I wrote about the effect of salt on the boiling point of water recently and Sciencebase reader Derek Burney asked why cooks use salt when boiling vegetables, for instance, if the effect on boiling point and so cooking times is so minimal, as I explained.
Well, the small amount of salt (sodium chloride) added to food has very, very little effect on the boiling point and so really does not affect how quickly the food cooks. The fundamental reason we like to cook with salt is that salt has not only its own taste, but also interferes with the bitter-taste receptors on the tongue, essentially blocking them temporarily and so masking the taste of any bitter compounds in the food you eat, therefore emphasising any sweet tastes. It really is purely there as a flavour enhancer. Try it with some raw lettuce, eat a leaf raw and concentrate on the bitterness. Then sprinkle on some salt and eat the second leaf, besides the taste of the salt, you will notice it actually tastes sweeter.
Given how bitter and downright nasty some vegetables can taste raw – think Brussels sprouts, spring cabbage, turnip – and perhaps more so in days gone by when quality may have been even lower, it is easy to see why adding salt to the cooking pot would have become standard practice.
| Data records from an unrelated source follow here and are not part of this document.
(* Let $(X,Z)\in\mathbb{R}^n\times\mathbb{R}^{n\times p}$ be any fixed design, $\mathcal{R}\subseteq[n]$ any row set, $\alpha\in(0,1)$, and let $P_{\pi\mid\mathcal{R}}$ be uniformly distributed on $\mathcal{S}_{n\mid\mathcal{R}}$. Let $D_\mathcal{R}=\|(I-H_{P_{\pi\mid\mathcal{R}}X,Z,P_{\pi\mid\mathcal{R}}Z})X\|_2^2$ with $\alpha$-quantile $F^{-1}_{D_\mathcal{R}}(\alpha;X,Z)$, and let $\mu_\mathcal{R}(Z)=E\{\mathrm{rank}(Z-P_{\pi\mid\mathcal{R}}Z)\}$. Then: (i) if $pr(X\in\mathcal{C}(Z,P_{\pi\mid\mathcal{R}}Z))\ge\alpha$, then $F^{-1}_{D_\mathcal{R}}(\alpha;X,Z)=0$; (ii) $\mu_\mathcal{R}(Z)\ge\mu_{\mathcal{R}\cup\{k\}}(Z)$ for any $k\in[n]\setminus\mathcal{R}$.
   Context: $[n]=\{1,\dots,n\}$. $\mathcal{C}(M)$ is the column space of $M$ and $H_M$ the orthogonal projection onto it; $H_{A,B,C}$ is the projection onto the column space of $(A,B,C)$. For $\mathcal{R}\subseteq[n]$, $\mathcal{S}_{n\mid\mathcal{R}}$ is the group of $n\times n$ permutation matrices that fix every row index in $\mathcal{R}$ (diagonal entry $1$ at each $i\in\mathcal{R}$). The $\alpha$-quantile of a random variable $D$ is $F_D^{-1}(\alpha)=\inf\{x:pr(D\le x)\ge\alpha\}$. *)

theory Defs
  imports "HOL-Analysis.Analysis" "HOL-Combinatorics.Permutations"
begin

text \<open>Rows are indexed by the finite type 'n (so [n] = UNIV), columns of Z by 'p.\<close>

definition perm_mat :: "('n::finite \<Rightarrow> 'n) \<Rightarrow> real^'n^'n" where
  "perm_mat \<sigma> = (\<chi> i j. if \<sigma> i = j then 1 else 0)"

definition perm_mats_fixing :: "'n::finite set \<Rightarrow> (real^'n^'n) set" where
  "perm_mats_fixing R = {P. (\<exists>\<sigma>. \<sigma> permutes (UNIV::'n set) \<and> P = perm_mat \<sigma>) \<and> (\<forall>i\<in>R. P $ i $ i = 1)}"

definition unif_pr :: "'a set \<Rightarrow> ('a \<Rightarrow> bool) \<Rightarrow> real" where
  "unif_pr S Q = real (card {x\<in>S. Q x}) / real (card S)"

definition unif_exp :: "'a set \<Rightarrow> ('a \<Rightarrow> real) \<Rightarrow> real" where
  "unif_exp S f = (\<Sum>x\<in>S. f x) / real (card S)"

definition unif_quantile :: "'a set \<Rightarrow> ('a \<Rightarrow> real) \<Rightarrow> real \<Rightarrow> real" where
  "unif_quantile S D \<alpha> = Inf {x. unif_pr S (\<lambda>a. D a \<le> x) \<ge> \<alpha>}"

definition orth_proj :: "(real^'n) set \<Rightarrow> real^'n \<Rightarrow> real^'n" where
  "orth_proj V x = (THE y. y \<in> V \<and> (\<forall>v\<in>V. (x - y) \<bullet> v = 0))"

definition colspace_vmm :: "real^'n \<Rightarrow> real^'p^'n \<Rightarrow> real^'p^'n \<Rightarrow> (real^'n) set" where
  "colspace_vmm a B C = span (insert a (columns B \<union> columns C))"

definition colspace_mm :: "real^'p^'n \<Rightarrow> real^'p^'n \<Rightarrow> (real^'n) set" where
  "colspace_mm B C = span (columns B \<union> columns C)"

definition Dstat :: "real^'n \<Rightarrow> real^'p^'n \<Rightarrow> real^'n^'n \<Rightarrow> real" where
  "Dstat X Z P = (norm (X - orth_proj (colspace_vmm (P *v X) Z (P ** Z)) X))\<^sup>2"

definition mu :: "'n::finite set \<Rightarrow> real^'p^'n \<Rightarrow> real" where
  "mu R Z = unif_exp (perm_mats_fixing R) (\<lambda>P. real (rank (Z - P ** Z)))"

end

theory Submission
  imports Defs
begin

text \<open>
  (i) On the event \<open>X \<in> C(Z, PZ)\<close> the vector \<open>X\<close> already lies in \<open>C(PX, Z, PZ)\<close>, so the
  residual \<open>D\<close> vanishes there; as \<open>D \<ge> 0\<close>, an event of probability at least \<open>\<alpha>\<close> on which
  \<open>D = 0\<close> forces the \<open>\<alpha>\<close>-quantile to be \<open>0\<close>.

  (ii) A permutation \<open>s\<close> fixing \<open>R\<close> factors uniquely as \<open>t \<circ> (j k)\<close> with \<open>t\<close> fixing
  \<open>R \<union> {k}\<close> and \<open>j = s\<inverse>(k) \<notin> R\<close>. Row \<open>i\<close> of \<open>Z - P\<^sub>sZ\<close> is \<open>Z\<^sub>i - Z\<^bsub>s(i)\<^esub>\<close>, and row \<open>j\<close> of
  \<open>Z - P\<^sub>tZ\<close> is the sum of rows \<open>j\<close> and \<open>k\<close> of \<open>Z - P\<^sub>sZ\<close>, while its other rows are rows of
  \<open>Z - P\<^sub>sZ\<close> or zero. Hence \<open>rank (Z - P\<^sub>tZ) \<le> rank (Z - P\<^sub>sZ)\<close>, and averaging over the
  factorisation compares the two expectations.
\<close>

definition perms_fixing :: "'n::finite set \<Rightarrow> ('n \<Rightarrow> 'n) set" where
  "perms_fixing R = {s. s permutes UNIV \<and> (\<forall>i\<in>R. s i = i)}"

lemma finite_perms_fixing: "finite (perms_fixing R)"
  unfolding perms_fixing_def
  by (rule finite_subset[OF _ finite_permutations[of UNIV]]) auto

lemma inj_perm_mat: "inj perm_mat"
proof (rule injI)
  fix s t :: "'n::finite \<Rightarrow> 'n"
  assume "perm_mat s = perm_mat t"
  then have "\<forall>i. perm_mat s $ i $ s i = perm_mat t $ i $ s i"
    by simp
  then show "s = t"
    by (auto simp: perm_mat_def fun_eq_iff split: if_splits)
qed

lemma perm_mats_fixing_eq_image: "perm_mats_fixing R = perm_mat ` perms_fixing R"
proof
  show "perm_mats_fixing R \<subseteq> perm_mat ` perms_fixing R"
  proof
    fix P
    assume "P \<in> perm_mats_fixing R"
    then obtain s where "s permutes UNIV" "P = perm_mat s" "\<forall>i\<in>R. P $ i $ i = 1"
      unfolding perm_mats_fixing_def by blast
    moreover from this have "\<forall>i\<in>R. s i = i"
      by (auto simp: perm_mat_def split: if_splits)
    ultimately show "P \<in> perm_mat ` perms_fixing R"
      unfolding perms_fixing_def by blast
  qed
qed (auto simp: perm_mats_fixing_def perms_fixing_def perm_mat_def)

lemma finite_perm_mats_fixing: "finite (perm_mats_fixing R)"
  by (simp add: perm_mats_fixing_eq_image finite_perms_fixing)

lemma perm_mat_matrix_mult_row: "(perm_mat s ** Z) $ i = Z $ s i"
proof -
  have "(perm_mat s ** Z) $ i $ j = Z $ s i $ j" for j
  proof -
    have "(perm_mat s ** Z) $ i $ j = (\<Sum>k\<in>UNIV. (if s i = k then 1 else 0) * Z $ k $ j)"
      by (simp add: matrix_matrix_mult_def perm_mat_def)
    also have "\<dots> = (\<Sum>k\<in>UNIV. if k = s i then Z $ k $ j else 0)"
      by (rule sum.cong) auto
    finally show ?thesis
      by simp
  qed
  then show ?thesis
    by (simp add: vec_eq_iff)
qed

lemma orth_proj_id:
  assumes "subspace V" and "x \<in> V"
  shows "orth_proj V x = x"
  unfolding orth_proj_def
proof (rule the_equality)
  fix y
  assume y: "y \<in> V \<and> (\<forall>v\<in>V. (x - y) \<bullet> v = 0)"
  then have "x - y \<in> V"
    using assms subspace_diff by blast
  with y have "(x - y) \<bullet> (x - y) = 0"
    by blast
  then show "y = x"
    by simp
qed (use assms in simp)

lemma Dstat_nonneg: "0 \<le> Dstat X Z P"
  by (simp add: Dstat_def)

lemma Dstat_eq_0_if_in_colspace:
  assumes "X \<in> colspace_mm Z (P ** Z)"
  shows "Dstat X Z P = 0"
proof -
  have "colspace_mm Z (P ** Z) \<subseteq> colspace_vmm (P *v X) Z (P ** Z)"
    unfolding colspace_mm_def colspace_vmm_def by (rule span_mono) blast
  with assms have "orth_proj (colspace_vmm (P *v X) Z (P ** Z)) X = X"
    by (intro orth_proj_id) (auto simp: colspace_vmm_def subspace_span)
  then show ?thesis
    by (simp add: Dstat_def)
qed

lemma unif_pr_mono:
  assumes "finite S" and "\<And>a. a \<in> S \<Longrightarrow> Q a \<Longrightarrow> Q' a"
  shows "unif_pr S Q \<le> unif_pr S Q'"
proof -
  have "card {a\<in>S. Q a} \<le> card {a\<in>S. Q' a}"
    using assms by (intro card_mono) auto
  then show ?thesis
    unfolding unif_pr_def by (simp add: divide_right_mono)
qed

lemma unif_quantile_eq_0:
  assumes "finite S" and "0 < \<alpha>"
    and nonneg: "\<And>a. a \<in> S \<Longrightarrow> 0 \<le> D a"
    and zero: "\<And>a. a \<in> S \<Longrightarrow> Q a \<Longrightarrow> D a = 0"
    and "\<alpha> \<le> unif_pr S Q"
  shows "unif_quantile S D \<alpha> = 0"
proof -
  have "\<alpha> \<le> unif_pr S (\<lambda>a. D a \<le> x) \<longleftrightarrow> 0 \<le> x" for x
  proof
    assume "\<alpha> \<le> unif_pr S (\<lambda>a. D a \<le> x)"
    with \<open>0 < \<alpha>\<close> have "{a\<in>S. D a \<le> x} \<noteq> {}"
      by (cases "{a\<in>S. D a \<le> x} = {}") (auto simp: unif_pr_def)
    with nonneg show "0 \<le> x"
      by force
  next
    assume "0 \<le> x"
    with zero have "unif_pr S Q \<le> unif_pr S (\<lambda>a. D a \<le> x)"
      by (intro unif_pr_mono[OF \<open>finite S\<close>]) auto
    with \<open>\<alpha> \<le> unif_pr S Q\<close> show "\<alpha> \<le> unif_pr S (\<lambda>a. D a \<le> x)"
      by simp
  qed
  then have "{x. \<alpha> \<le> unif_pr S (\<lambda>a. D a \<le> x)} = {0..}"
    by auto
  then show ?thesis
    by (simp add: unif_quantile_def)
qed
This was covered in New Scientist a while back. The sodium salt of the glutamic acid, commonly known as MSG (monosodium glutamate) does even more, it has the bitter-blocking sodium ions. It adds a frissant through the stimulating “deliciousness” (umami, in Japanese, from the word for savoury) of the glutamate. Some research indicates that there are umami receptors on the tongue representing a fifth taste sensation alongside bitter, sweet, salt, and sour. Different research again adds a sixth taste sensation to our tongues, claiming a receptor for fatty acids.
Given the highly stimulating effects of salt (as taste and bitter blocker), MSG, and fat (in the form of fatty acids) on our tongues it is perhaps no surprise then that salt-laden fatty foods taste so delicious.